## ASSIGNMENT
Only one portion of the data is to be written out: from the line bearing "ultimately show ?thesis by simp" through the line bearing "using o xn1_dvd_xn1_mult[of". Write it exactly as it appears.

START SOURCE RECORDS

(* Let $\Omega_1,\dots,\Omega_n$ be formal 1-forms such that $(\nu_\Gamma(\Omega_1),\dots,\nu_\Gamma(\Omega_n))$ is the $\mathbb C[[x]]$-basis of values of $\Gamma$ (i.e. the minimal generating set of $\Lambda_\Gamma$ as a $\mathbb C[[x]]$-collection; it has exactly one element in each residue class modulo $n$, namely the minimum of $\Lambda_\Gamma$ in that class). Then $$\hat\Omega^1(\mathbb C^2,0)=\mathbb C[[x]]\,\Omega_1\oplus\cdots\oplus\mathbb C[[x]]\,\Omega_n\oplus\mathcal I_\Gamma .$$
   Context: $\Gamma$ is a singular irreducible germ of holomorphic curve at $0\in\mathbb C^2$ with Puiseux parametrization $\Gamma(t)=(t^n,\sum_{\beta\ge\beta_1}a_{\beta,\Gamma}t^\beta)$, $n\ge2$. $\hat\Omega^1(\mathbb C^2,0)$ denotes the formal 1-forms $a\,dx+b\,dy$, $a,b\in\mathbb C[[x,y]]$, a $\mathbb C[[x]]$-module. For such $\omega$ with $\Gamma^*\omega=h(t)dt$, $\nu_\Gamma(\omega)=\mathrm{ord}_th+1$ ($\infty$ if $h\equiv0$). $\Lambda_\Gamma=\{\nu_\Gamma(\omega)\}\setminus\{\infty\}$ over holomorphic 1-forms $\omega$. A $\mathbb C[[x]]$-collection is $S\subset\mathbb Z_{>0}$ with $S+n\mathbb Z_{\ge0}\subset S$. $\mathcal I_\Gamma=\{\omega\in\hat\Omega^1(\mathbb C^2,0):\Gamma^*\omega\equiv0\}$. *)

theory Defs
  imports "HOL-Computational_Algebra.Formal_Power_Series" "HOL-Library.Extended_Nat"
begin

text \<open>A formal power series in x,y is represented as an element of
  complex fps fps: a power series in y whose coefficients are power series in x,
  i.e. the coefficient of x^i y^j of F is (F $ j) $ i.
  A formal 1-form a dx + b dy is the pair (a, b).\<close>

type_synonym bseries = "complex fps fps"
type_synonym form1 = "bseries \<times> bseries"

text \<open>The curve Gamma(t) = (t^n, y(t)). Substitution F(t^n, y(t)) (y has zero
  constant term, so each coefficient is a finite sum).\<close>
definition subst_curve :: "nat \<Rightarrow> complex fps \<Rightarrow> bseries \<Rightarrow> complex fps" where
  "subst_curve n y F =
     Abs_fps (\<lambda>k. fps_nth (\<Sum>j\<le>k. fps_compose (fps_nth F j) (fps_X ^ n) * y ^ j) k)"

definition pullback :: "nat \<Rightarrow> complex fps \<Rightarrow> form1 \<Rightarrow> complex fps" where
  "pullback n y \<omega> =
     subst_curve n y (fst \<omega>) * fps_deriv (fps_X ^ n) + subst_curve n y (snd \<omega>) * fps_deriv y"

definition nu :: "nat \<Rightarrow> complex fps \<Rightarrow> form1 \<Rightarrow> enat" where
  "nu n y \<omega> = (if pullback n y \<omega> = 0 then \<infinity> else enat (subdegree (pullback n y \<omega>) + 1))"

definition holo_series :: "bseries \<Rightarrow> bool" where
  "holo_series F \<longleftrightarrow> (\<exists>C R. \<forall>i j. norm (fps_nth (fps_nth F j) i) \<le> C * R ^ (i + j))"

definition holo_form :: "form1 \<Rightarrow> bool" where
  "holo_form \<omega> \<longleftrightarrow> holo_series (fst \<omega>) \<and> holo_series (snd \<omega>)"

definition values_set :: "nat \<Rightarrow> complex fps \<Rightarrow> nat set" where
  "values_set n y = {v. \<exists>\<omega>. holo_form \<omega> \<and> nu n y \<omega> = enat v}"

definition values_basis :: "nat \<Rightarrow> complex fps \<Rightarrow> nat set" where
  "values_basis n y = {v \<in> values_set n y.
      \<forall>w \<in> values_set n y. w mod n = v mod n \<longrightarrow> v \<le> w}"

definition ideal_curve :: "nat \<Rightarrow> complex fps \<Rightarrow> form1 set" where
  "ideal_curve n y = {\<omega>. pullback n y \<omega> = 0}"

END SOURCE RECORDS
START SOURCE RECORDS

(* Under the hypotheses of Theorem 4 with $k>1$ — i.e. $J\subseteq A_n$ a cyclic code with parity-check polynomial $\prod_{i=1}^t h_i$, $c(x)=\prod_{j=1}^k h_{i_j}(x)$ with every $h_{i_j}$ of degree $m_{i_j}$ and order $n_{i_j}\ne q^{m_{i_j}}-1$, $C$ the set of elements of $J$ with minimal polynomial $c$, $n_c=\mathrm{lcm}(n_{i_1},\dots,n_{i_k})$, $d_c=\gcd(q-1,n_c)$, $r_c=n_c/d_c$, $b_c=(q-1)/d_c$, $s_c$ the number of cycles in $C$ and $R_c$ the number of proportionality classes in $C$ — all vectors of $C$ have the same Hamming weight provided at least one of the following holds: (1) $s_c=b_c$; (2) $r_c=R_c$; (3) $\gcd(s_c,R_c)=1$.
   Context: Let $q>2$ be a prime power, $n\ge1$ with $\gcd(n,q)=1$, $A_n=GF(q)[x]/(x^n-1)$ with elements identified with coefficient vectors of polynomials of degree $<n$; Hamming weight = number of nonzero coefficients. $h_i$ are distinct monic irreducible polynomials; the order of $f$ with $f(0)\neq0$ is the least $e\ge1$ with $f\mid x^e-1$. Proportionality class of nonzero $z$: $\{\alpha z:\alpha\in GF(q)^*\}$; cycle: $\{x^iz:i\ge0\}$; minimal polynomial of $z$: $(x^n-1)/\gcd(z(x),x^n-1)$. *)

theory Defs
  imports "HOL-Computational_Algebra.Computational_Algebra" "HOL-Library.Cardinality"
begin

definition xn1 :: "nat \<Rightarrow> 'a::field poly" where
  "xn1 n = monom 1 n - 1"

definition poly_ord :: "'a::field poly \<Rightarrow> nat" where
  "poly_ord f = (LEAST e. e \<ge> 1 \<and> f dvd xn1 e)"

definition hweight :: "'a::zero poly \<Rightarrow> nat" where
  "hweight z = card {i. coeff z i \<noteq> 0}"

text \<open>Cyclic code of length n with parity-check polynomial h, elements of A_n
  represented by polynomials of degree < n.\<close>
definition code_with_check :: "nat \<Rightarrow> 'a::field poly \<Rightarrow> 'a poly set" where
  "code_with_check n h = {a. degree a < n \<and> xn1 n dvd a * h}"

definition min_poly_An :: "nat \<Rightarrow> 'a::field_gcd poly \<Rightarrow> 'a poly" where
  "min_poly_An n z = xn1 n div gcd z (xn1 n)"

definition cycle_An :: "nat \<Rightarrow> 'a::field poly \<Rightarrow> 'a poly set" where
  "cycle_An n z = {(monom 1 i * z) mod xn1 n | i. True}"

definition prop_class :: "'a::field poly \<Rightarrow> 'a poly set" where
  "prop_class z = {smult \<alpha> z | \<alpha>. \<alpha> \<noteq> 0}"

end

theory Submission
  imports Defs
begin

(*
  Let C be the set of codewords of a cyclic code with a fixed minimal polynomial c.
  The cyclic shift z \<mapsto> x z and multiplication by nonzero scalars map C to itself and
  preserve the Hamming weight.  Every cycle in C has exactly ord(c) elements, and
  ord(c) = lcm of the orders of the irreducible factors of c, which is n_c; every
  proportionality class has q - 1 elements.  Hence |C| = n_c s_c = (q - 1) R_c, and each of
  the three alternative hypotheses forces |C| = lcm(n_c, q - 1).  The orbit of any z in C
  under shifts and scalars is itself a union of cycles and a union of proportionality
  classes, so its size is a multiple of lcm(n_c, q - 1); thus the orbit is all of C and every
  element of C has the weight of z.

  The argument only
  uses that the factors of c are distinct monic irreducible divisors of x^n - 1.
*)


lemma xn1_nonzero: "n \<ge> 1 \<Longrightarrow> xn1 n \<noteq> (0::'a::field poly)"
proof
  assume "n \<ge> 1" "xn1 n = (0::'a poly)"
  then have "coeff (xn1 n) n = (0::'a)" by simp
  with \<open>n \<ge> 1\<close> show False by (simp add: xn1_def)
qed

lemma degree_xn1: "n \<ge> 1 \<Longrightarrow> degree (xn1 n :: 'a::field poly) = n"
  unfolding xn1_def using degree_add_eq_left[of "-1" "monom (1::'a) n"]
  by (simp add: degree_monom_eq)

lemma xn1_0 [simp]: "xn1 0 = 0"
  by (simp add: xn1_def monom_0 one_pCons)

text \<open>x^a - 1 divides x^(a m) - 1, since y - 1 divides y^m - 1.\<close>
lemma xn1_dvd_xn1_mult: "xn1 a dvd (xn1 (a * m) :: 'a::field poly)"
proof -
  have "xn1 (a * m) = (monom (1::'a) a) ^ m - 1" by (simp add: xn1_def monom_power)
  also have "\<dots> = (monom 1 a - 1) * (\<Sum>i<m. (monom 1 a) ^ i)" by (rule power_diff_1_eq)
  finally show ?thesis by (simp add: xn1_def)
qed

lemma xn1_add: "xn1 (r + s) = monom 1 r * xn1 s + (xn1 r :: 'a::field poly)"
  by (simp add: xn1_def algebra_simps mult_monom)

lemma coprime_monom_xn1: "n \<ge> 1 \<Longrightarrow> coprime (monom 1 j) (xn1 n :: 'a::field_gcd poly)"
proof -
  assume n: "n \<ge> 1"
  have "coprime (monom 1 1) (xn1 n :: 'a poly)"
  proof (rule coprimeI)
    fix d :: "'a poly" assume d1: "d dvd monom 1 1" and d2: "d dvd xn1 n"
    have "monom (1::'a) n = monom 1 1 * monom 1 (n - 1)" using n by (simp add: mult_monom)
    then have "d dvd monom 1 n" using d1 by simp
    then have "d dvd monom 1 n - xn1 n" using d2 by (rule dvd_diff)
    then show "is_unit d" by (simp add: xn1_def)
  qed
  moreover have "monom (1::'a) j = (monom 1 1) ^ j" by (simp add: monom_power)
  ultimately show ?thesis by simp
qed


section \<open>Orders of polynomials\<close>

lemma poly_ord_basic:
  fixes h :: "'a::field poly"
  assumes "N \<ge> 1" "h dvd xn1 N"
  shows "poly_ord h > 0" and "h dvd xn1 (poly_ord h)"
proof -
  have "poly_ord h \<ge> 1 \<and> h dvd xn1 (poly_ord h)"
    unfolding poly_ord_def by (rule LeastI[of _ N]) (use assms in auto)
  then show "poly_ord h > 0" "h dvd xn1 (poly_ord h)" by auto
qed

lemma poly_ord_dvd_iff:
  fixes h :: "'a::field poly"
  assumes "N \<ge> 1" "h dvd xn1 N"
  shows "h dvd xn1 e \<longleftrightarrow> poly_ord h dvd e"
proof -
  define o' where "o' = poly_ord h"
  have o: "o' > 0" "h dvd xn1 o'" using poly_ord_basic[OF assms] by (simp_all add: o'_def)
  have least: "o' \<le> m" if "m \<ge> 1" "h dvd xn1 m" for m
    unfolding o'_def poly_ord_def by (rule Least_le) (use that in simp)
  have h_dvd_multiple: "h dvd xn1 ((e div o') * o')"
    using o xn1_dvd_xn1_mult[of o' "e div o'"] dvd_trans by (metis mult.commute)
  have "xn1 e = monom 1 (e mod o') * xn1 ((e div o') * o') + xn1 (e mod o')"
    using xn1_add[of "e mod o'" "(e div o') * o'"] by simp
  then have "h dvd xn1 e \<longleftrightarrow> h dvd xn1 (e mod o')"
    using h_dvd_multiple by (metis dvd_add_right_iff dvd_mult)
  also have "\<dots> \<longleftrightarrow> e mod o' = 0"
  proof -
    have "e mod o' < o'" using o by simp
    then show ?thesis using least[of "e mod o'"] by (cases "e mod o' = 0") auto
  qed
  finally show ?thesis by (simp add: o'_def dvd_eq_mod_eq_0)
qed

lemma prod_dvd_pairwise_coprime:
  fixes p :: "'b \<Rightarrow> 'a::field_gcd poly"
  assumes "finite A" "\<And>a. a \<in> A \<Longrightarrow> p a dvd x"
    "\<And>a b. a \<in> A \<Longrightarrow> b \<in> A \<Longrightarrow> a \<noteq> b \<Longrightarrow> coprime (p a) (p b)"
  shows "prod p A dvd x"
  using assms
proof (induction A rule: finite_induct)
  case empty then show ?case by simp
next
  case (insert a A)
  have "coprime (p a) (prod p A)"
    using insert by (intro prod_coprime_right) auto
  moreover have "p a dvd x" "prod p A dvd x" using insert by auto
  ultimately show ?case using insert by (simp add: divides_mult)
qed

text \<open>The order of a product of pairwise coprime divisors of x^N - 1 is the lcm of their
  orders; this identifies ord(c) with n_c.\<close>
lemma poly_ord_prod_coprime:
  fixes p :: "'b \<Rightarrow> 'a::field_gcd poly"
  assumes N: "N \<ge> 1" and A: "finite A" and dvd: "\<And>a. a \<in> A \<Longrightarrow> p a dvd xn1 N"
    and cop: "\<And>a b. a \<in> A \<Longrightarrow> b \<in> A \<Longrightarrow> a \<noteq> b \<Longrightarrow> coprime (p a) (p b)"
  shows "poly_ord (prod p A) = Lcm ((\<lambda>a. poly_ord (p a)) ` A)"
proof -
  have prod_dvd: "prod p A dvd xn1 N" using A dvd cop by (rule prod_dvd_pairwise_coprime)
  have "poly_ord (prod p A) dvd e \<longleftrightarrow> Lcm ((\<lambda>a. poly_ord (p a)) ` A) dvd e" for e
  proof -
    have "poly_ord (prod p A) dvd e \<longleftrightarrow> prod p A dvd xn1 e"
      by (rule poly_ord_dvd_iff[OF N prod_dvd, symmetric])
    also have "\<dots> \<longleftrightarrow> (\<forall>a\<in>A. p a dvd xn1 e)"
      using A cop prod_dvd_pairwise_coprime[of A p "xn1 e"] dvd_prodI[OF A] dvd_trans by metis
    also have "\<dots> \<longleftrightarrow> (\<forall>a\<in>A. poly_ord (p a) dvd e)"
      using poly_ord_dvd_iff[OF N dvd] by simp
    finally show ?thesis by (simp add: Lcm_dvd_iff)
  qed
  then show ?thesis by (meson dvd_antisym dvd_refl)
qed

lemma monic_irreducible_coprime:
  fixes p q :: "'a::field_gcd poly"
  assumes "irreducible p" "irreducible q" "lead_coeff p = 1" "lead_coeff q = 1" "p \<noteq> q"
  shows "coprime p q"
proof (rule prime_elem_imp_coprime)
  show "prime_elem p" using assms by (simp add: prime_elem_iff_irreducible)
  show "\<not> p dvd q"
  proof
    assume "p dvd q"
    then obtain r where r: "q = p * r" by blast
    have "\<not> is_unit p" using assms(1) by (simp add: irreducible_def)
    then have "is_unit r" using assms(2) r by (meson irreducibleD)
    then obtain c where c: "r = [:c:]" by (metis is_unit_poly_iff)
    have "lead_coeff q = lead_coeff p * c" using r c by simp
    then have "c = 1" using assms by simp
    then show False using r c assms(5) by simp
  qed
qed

END SOURCE RECORDS

## COMPLETED TASK
  ultimately show ?thesis by simp
qed


section \<open>Orders of polynomials\<close>

lemma poly_ord_basic:
  fixes h :: "'a::field poly"
  assumes "N \<ge> 1" "h dvd xn1 N"
  shows "poly_ord h > 0" and "h dvd xn1 (poly_ord h)"
proof -
  have "poly_ord h \<ge> 1 \<and> h dvd xn1 (poly_ord h)"
    unfolding poly_ord_def by (rule LeastI[of _ N]) (use assms in auto)
  then show "poly_ord h > 0" "h dvd xn1 (poly_ord h)" by auto
qed

lemma poly_ord_dvd_iff:
  fixes h :: "'a::field poly"
  assumes "N \<ge> 1" "h dvd xn1 N"
  shows "h dvd xn1 e \<longleftrightarrow> poly_ord h dvd e"
proof -
  define o' where "o' = poly_ord h"
  have o: "o' > 0" "h dvd xn1 o'" using poly_ord_basic[OF assms] by (simp_all add: o'_def)
  have least: "o' \<le> m" if "m \<ge> 1" "h dvd xn1 m" for m
    unfolding o'_def poly_ord_def by (rule Least_le) (use that in simp)
  have h_dvd_multiple: "h dvd xn1 ((e div o') * o')"
    using o xn1_dvd_xn1_mult[of o' "e div o'"] dvd_trans by (metis mult.commute)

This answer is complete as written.